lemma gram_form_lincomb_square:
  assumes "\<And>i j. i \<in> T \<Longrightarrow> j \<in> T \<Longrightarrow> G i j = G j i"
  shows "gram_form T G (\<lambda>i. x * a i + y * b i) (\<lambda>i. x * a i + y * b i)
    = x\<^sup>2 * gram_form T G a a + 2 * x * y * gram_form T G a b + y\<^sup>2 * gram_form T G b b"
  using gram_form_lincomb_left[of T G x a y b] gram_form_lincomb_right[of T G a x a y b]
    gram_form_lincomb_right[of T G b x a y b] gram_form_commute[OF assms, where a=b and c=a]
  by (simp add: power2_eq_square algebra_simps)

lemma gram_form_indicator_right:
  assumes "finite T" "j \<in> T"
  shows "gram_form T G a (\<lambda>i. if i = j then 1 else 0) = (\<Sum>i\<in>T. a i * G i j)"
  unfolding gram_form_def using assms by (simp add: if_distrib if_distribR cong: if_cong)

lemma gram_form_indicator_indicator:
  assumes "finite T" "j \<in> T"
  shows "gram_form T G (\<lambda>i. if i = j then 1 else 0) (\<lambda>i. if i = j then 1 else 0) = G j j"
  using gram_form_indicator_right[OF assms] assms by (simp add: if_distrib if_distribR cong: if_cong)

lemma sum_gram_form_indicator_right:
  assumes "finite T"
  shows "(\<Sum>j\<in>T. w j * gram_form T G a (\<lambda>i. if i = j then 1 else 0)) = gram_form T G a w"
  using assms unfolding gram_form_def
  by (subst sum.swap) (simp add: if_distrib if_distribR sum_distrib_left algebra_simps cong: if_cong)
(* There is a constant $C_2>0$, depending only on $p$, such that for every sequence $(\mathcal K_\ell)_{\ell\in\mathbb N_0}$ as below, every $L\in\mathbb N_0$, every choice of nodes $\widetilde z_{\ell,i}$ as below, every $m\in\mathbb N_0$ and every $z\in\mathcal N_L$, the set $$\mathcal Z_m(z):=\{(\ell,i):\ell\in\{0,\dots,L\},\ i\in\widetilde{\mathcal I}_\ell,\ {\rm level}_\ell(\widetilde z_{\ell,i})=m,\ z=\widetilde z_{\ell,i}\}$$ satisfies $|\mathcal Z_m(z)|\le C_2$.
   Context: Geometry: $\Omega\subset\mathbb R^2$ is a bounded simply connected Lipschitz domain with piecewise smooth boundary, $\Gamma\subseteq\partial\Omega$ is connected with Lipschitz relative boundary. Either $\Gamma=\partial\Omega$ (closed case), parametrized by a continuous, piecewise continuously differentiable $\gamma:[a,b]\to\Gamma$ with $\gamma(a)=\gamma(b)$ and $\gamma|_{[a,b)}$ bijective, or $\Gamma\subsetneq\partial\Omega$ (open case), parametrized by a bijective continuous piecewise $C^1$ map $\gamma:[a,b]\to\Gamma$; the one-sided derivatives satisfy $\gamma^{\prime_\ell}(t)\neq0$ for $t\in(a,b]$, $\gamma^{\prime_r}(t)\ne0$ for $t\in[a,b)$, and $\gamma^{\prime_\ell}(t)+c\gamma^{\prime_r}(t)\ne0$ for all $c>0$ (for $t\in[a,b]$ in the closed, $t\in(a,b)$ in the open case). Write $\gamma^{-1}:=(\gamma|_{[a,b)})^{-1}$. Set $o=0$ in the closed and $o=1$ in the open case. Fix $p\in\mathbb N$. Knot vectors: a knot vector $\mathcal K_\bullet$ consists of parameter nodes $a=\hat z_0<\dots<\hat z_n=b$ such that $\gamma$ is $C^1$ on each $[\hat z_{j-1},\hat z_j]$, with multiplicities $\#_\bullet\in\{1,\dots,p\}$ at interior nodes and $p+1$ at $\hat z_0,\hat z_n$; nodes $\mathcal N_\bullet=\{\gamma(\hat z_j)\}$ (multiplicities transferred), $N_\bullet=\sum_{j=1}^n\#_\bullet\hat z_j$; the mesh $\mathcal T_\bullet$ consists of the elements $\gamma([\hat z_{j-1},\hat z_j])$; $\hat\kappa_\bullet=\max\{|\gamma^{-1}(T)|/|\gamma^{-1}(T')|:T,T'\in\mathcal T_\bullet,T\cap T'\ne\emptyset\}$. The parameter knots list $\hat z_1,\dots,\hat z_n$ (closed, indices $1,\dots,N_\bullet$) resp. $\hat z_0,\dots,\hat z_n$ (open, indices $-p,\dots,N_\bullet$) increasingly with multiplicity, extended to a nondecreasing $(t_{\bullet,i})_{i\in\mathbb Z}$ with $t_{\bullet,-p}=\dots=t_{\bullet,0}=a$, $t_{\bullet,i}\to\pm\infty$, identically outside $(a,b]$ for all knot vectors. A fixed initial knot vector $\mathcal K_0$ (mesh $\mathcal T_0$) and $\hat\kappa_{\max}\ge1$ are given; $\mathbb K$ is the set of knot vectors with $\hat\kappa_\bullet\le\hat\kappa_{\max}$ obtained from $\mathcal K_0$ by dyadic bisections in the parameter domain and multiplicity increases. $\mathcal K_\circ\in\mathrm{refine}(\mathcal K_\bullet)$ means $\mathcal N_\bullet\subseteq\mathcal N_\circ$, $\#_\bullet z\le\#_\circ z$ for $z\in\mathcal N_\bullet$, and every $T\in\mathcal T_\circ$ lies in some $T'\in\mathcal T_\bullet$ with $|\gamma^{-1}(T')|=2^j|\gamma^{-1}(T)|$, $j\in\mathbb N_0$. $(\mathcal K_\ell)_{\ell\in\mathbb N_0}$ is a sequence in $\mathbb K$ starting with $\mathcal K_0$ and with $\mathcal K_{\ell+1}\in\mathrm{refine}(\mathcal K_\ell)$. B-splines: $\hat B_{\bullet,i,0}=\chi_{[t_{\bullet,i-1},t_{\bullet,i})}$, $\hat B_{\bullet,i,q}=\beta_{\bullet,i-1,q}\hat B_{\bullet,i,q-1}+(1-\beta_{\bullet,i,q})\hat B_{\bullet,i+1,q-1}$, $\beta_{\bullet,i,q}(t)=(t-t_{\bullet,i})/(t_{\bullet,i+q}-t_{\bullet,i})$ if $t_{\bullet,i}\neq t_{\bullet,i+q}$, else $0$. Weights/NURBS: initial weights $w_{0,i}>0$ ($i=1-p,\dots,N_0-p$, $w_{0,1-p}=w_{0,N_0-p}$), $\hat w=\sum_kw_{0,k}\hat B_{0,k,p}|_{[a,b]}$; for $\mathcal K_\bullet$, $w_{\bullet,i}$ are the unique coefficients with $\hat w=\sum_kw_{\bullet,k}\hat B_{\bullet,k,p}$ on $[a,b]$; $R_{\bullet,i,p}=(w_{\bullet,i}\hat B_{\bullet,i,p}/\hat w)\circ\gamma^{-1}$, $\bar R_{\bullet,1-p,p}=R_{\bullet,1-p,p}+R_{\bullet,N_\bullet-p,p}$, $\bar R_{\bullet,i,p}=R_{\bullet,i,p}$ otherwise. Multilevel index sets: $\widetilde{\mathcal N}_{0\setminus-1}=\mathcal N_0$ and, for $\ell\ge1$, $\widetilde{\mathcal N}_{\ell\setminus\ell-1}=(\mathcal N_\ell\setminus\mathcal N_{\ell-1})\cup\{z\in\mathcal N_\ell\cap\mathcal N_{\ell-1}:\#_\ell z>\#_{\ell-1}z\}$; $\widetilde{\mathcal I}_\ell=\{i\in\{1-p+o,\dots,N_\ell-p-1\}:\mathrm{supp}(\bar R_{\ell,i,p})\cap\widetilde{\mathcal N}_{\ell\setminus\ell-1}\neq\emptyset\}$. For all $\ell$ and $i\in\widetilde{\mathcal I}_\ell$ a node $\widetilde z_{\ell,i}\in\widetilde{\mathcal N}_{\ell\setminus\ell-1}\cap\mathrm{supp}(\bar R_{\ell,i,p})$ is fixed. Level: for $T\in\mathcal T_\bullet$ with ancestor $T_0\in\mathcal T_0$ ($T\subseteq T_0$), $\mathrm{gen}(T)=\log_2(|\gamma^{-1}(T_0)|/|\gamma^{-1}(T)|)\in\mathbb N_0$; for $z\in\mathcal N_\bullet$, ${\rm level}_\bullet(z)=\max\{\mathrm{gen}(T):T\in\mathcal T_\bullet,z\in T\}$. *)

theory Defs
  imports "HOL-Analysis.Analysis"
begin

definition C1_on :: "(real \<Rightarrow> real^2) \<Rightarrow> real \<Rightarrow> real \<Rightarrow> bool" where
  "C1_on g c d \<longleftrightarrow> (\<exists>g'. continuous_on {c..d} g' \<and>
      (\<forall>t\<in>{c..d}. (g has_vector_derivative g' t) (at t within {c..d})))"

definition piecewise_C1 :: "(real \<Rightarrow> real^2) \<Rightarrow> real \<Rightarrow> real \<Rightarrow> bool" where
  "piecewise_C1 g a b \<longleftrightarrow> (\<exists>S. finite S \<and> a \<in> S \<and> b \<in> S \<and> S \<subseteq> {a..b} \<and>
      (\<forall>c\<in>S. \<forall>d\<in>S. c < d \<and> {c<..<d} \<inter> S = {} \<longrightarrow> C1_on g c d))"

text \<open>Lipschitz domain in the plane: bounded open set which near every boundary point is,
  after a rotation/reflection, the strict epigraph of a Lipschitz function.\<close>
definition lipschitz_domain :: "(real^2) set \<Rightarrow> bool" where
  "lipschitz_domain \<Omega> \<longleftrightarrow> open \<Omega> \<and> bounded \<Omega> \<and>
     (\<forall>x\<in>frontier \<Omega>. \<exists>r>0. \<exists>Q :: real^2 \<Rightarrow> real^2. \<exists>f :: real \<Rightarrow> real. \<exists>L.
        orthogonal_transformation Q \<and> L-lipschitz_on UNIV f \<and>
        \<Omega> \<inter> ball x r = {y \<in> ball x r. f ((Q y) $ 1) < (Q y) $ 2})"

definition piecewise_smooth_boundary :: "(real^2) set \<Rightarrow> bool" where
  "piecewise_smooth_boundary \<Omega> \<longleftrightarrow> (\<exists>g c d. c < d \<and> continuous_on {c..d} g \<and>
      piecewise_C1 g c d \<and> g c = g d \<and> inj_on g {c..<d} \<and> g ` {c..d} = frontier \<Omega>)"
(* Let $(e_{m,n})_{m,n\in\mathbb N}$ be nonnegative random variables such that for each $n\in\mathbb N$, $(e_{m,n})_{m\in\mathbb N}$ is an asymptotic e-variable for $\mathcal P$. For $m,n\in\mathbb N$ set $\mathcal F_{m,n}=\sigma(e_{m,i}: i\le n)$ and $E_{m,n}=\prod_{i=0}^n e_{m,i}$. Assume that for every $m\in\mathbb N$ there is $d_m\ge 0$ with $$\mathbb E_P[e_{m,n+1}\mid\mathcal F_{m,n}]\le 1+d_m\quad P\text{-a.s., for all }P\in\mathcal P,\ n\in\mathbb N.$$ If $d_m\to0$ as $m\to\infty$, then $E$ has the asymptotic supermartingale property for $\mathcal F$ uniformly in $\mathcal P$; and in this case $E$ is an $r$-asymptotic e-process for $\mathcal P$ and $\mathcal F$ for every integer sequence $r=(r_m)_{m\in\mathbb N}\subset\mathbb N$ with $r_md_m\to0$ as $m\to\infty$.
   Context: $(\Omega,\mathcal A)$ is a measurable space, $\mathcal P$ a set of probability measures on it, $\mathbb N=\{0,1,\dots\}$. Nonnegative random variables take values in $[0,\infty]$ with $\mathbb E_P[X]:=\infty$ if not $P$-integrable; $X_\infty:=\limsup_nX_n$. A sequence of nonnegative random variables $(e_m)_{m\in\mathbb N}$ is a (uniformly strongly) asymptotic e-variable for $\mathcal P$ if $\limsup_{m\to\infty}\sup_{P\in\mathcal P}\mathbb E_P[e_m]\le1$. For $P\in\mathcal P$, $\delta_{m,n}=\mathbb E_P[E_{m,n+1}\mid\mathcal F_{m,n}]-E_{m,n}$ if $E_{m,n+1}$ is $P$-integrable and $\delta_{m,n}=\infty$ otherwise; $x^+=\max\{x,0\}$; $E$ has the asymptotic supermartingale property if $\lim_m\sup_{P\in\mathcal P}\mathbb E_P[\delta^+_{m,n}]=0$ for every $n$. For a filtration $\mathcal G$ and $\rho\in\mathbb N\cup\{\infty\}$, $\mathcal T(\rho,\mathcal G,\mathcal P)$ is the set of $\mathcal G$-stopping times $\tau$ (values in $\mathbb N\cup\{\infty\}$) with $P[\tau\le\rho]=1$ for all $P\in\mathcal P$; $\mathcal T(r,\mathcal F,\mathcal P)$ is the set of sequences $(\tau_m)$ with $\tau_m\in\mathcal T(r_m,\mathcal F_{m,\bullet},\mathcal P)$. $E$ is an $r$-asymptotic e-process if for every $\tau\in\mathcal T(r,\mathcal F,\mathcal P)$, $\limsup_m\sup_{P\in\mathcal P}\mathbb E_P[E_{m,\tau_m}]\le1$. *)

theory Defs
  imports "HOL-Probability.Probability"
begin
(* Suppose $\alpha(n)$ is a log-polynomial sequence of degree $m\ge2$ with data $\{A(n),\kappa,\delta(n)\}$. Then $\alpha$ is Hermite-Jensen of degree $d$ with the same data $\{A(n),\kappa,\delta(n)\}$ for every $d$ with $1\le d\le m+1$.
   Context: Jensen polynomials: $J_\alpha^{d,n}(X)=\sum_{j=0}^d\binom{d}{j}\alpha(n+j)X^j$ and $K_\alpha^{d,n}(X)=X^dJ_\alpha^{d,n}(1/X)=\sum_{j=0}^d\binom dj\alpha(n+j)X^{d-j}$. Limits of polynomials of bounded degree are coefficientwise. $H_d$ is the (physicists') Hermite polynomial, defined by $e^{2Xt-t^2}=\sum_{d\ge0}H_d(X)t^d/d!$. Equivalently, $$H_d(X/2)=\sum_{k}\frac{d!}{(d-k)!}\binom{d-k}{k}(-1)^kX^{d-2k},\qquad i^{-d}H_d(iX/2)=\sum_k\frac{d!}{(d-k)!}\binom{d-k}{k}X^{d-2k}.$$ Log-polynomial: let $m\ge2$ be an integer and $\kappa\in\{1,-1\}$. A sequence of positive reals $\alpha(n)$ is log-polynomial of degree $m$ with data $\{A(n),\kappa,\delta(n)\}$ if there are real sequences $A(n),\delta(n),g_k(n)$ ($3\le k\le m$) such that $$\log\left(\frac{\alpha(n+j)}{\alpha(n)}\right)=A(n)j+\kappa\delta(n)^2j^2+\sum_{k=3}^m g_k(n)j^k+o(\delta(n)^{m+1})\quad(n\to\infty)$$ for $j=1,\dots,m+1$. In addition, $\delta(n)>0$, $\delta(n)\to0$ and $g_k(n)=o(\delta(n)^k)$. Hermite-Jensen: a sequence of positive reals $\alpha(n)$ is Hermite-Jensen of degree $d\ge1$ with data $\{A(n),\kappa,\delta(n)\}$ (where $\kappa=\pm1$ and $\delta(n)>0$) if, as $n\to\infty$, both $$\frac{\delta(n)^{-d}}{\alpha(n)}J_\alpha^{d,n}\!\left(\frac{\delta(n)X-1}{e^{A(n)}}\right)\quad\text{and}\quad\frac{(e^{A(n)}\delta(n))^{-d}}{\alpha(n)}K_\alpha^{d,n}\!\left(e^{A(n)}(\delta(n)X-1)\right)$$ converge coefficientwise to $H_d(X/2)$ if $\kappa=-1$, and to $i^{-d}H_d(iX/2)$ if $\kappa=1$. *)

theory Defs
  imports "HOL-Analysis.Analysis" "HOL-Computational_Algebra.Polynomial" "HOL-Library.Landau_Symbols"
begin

========================================================================

> _Your assignment_: Reproduce exactly, and with no other material, the lines between those holding "c d \<longleftrightarrow>" and "piecewise_C1 g c", inclusive.

> _Task answer_:
  "C1_on g c d \<longleftrightarrow> (\<exists>g'. continuous_on {c..d} g' \<and>
      (\<forall>t\<in>{c..d}. (g has_vector_derivative g' t) (at t within {c..d})))"

definition piecewise_C1 :: "(real \<Rightarrow> real^2) \<Rightarrow> real \<Rightarrow> real \<Rightarrow> bool" where
  "piecewise_C1 g a b \<longleftrightarrow> (\<exists>S. finite S \<and> a \<in> S \<and> b \<in> S \<and> S \<subseteq> {a..b} \<and>
      (\<forall>c\<in>S. \<forall>d\<in>S. c < d \<and> {c<..<d} \<inter> S = {} \<longrightarrow> C1_on g c d))"

text \<open>Lipschitz domain in the plane: bounded open set which near every boundary point is,
  after a rotation/reflection, the strict epigraph of a Lipschitz function.\<close>
definition lipschitz_domain :: "(real^2) set \<Rightarrow> bool" where
  "lipschitz_domain \<Omega> \<longleftrightarrow> open \<Omega> \<and> bounded \<Omega> \<and>
     (\<forall>x\<in>frontier \<Omega>. \<exists>r>0. \<exists>Q :: real^2 \<Rightarrow> real^2. \<exists>f :: real \<Rightarrow> real. \<exists>L.
        orthogonal_transformation Q \<and> L-lipschitz_on UNIV f \<and>
        \<Omega> \<inter> ball x r = {y \<in> ball x r. f ((Q y) $ 1) < (Q y) $ 2})"

definition piecewise_smooth_boundary :: "(real^2) set \<Rightarrow> bool" where
  "piecewise_smooth_boundary \<Omega> \<longleftrightarrow> (\<exists>g c d. c < d \<and> continuous_on {c..d} g \<and>
      piecewise_C1 g c d \<and> g c = g d \<and> inj_on g {c..<d} \<and> g ` {c..d} = frontier \<Omega>)"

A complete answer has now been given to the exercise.